YOUR ASSIGNMENT
In the entries below, find the line with "using assms unfolding component_of_def" and the line with "using reach[OF that(1)]". Return those two lines and all lines between them, exactly.

[Opening WORKING DATA section]

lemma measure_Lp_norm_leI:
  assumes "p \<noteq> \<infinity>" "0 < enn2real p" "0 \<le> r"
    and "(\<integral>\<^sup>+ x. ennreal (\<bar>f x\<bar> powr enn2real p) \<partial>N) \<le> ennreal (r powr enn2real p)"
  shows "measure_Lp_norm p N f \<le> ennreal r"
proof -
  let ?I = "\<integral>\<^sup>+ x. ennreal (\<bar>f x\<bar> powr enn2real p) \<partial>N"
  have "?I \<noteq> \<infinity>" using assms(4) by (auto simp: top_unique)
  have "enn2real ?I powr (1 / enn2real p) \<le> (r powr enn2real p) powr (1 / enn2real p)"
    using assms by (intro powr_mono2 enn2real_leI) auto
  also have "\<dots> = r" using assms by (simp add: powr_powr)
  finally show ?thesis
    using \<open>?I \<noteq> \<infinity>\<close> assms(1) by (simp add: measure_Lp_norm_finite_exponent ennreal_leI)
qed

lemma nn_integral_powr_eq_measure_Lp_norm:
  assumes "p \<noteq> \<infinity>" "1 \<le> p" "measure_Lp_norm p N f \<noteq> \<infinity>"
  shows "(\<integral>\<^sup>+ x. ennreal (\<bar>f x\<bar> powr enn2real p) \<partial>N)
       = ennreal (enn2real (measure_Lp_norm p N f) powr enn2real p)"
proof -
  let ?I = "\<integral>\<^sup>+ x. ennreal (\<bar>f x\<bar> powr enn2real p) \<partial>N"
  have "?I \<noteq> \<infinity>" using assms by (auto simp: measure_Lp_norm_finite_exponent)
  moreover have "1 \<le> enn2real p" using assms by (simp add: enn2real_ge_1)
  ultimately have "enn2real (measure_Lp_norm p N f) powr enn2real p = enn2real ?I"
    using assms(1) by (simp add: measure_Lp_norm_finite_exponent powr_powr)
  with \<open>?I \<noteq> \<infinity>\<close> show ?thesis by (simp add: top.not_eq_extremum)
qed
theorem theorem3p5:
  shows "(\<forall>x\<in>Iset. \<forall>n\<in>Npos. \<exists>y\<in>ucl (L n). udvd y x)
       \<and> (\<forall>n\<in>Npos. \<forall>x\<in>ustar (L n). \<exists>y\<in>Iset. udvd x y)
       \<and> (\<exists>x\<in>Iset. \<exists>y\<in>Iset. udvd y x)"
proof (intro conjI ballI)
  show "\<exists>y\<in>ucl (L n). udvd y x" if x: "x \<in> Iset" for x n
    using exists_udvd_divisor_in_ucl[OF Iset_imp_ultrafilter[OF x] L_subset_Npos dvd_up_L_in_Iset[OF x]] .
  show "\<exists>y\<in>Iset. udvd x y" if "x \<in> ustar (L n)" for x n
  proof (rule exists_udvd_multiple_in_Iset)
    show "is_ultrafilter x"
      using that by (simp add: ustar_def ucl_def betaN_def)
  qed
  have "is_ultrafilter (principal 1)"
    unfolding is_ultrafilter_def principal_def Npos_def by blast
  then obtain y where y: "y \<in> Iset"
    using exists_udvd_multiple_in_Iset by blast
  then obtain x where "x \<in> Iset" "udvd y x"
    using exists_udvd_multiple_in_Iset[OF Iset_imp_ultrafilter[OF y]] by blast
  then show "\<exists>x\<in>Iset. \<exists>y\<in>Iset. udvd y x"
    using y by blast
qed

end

[Closing WORKING DATA section]
[Opening WORKING DATA section]

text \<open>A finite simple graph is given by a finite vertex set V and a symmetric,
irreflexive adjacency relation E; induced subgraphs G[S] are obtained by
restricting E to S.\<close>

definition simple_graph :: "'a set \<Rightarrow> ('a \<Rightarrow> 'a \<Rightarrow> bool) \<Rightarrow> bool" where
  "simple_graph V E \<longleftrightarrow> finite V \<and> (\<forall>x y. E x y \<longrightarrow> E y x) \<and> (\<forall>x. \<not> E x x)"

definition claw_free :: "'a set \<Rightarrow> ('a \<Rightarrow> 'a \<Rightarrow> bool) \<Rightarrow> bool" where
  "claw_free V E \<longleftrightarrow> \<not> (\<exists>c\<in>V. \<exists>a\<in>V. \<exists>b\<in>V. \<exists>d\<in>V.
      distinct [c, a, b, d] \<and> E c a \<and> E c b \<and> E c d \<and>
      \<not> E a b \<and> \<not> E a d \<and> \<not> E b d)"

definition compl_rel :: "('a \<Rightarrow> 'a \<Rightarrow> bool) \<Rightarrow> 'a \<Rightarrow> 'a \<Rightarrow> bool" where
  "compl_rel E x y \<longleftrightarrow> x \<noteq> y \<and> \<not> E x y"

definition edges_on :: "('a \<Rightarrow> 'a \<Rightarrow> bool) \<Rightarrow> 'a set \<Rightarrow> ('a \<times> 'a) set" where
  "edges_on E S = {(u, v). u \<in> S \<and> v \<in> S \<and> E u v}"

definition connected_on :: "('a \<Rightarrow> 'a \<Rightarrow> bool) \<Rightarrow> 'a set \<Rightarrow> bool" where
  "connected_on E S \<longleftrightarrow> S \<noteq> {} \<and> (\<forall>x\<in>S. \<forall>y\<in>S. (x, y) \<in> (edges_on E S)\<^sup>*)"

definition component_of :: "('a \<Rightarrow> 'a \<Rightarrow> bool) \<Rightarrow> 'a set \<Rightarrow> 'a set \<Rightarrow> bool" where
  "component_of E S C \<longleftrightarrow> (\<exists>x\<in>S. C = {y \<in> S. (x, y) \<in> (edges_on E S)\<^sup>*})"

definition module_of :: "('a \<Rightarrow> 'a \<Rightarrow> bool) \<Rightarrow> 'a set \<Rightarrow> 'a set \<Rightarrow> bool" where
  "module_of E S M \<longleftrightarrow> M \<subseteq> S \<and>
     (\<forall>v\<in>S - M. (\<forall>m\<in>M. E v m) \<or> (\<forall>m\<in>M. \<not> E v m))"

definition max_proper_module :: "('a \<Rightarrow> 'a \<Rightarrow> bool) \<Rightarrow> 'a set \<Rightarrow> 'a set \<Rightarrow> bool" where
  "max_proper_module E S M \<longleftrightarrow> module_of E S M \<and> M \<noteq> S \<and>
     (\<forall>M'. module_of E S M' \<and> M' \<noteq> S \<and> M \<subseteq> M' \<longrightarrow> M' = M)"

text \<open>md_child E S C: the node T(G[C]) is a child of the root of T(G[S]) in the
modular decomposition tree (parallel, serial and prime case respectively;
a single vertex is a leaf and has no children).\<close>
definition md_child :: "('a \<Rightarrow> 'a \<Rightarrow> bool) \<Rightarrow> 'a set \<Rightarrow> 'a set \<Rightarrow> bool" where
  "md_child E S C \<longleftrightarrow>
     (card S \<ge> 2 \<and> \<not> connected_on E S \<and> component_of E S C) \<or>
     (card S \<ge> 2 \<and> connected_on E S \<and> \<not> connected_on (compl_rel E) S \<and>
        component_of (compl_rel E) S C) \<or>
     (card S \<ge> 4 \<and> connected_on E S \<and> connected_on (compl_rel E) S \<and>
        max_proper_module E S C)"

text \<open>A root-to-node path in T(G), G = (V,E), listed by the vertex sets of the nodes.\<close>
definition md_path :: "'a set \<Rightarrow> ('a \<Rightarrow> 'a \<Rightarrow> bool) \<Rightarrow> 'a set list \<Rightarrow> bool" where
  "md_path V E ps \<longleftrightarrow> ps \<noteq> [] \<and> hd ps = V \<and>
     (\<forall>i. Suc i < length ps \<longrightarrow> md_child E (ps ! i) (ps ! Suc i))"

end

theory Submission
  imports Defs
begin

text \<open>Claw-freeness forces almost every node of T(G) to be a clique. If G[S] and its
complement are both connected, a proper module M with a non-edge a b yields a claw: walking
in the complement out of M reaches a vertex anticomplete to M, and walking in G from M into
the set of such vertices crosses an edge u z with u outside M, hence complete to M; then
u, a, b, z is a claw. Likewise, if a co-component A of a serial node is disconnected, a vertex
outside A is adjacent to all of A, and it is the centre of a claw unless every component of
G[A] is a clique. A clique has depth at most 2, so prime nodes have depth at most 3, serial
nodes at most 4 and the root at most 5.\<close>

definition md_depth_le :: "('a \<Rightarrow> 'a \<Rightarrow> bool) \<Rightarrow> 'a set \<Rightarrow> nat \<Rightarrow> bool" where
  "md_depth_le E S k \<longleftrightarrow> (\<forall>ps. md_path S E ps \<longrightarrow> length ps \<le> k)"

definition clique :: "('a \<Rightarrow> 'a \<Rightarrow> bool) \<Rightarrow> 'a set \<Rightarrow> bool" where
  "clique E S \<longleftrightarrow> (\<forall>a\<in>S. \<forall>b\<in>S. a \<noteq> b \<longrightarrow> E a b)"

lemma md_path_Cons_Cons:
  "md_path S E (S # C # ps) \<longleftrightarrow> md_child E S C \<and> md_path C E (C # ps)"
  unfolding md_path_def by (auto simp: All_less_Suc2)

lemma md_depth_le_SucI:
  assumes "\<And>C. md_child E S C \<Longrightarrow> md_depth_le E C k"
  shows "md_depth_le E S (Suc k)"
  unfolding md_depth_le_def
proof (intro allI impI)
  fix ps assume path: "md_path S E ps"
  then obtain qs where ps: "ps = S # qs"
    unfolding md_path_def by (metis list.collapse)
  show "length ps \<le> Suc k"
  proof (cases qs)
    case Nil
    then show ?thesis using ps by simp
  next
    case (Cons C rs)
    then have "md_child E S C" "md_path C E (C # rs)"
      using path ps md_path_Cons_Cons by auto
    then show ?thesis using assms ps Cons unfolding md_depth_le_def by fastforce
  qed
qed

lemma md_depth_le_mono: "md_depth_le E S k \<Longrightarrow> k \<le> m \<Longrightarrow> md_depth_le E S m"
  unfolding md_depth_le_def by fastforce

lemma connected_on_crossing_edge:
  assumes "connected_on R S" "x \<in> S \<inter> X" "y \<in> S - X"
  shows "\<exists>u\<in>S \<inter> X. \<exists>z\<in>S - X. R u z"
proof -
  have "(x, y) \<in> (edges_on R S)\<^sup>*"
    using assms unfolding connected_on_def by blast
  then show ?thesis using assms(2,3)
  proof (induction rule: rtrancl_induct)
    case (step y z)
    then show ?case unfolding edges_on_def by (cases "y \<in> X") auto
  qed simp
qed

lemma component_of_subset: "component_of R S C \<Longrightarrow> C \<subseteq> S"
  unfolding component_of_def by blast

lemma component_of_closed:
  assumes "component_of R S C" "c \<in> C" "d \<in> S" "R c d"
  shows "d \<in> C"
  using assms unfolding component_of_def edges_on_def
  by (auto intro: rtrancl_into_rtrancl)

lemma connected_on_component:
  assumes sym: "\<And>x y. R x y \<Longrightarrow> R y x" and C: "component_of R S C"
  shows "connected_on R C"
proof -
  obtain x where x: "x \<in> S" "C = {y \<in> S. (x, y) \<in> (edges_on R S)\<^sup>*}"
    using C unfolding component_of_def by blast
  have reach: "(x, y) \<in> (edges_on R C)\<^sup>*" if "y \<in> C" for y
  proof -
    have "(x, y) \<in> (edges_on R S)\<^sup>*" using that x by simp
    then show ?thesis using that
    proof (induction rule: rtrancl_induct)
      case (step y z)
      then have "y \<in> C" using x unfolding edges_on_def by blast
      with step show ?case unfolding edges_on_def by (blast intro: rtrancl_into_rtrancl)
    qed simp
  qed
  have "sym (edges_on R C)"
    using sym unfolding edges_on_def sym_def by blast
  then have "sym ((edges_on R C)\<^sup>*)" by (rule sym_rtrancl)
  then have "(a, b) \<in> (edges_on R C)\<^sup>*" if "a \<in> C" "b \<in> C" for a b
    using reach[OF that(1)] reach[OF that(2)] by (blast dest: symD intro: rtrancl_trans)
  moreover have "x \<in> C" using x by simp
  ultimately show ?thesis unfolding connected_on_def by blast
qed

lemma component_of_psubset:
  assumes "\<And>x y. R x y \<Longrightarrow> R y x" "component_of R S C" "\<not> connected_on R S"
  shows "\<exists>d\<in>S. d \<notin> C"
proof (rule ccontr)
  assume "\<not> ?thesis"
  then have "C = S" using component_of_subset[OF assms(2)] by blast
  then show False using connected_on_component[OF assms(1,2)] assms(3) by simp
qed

[Closing WORKING DATA section]

REPLY
  using assms unfolding component_of_def edges_on_def
  by (auto intro: rtrancl_into_rtrancl)

lemma connected_on_component:
  assumes sym: "\<And>x y. R x y \<Longrightarrow> R y x" and C: "component_of R S C"
  shows "connected_on R C"
proof -
  obtain x where x: "x \<in> S" "C = {y \<in> S. (x, y) \<in> (edges_on R S)\<^sup>*}"
    using C unfolding component_of_def by blast
  have reach: "(x, y) \<in> (edges_on R C)\<^sup>*" if "y \<in> C" for y
  proof -
    have "(x, y) \<in> (edges_on R S)\<^sup>*" using that x by simp
    then show ?thesis using that
    proof (induction rule: rtrancl_induct)
      case (step y z)
      then have "y \<in> C" using x unfolding edges_on_def by blast
      with step show ?case unfolding edges_on_def by (blast intro: rtrancl_into_rtrancl)
    qed simp
  qed
  have "sym (edges_on R C)"
    using sym unfolding edges_on_def sym_def by blast
  then have "sym ((edges_on R C)\<^sup>*)" by (rule sym_rtrancl)
  then have "(a, b) \<in> (edges_on R C)\<^sup>*" if "a \<in> C" "b \<in> C" for a b
    using reach[OF that(1)] reach[OF that(2)] by (blast dest: symD intro: rtrancl_trans)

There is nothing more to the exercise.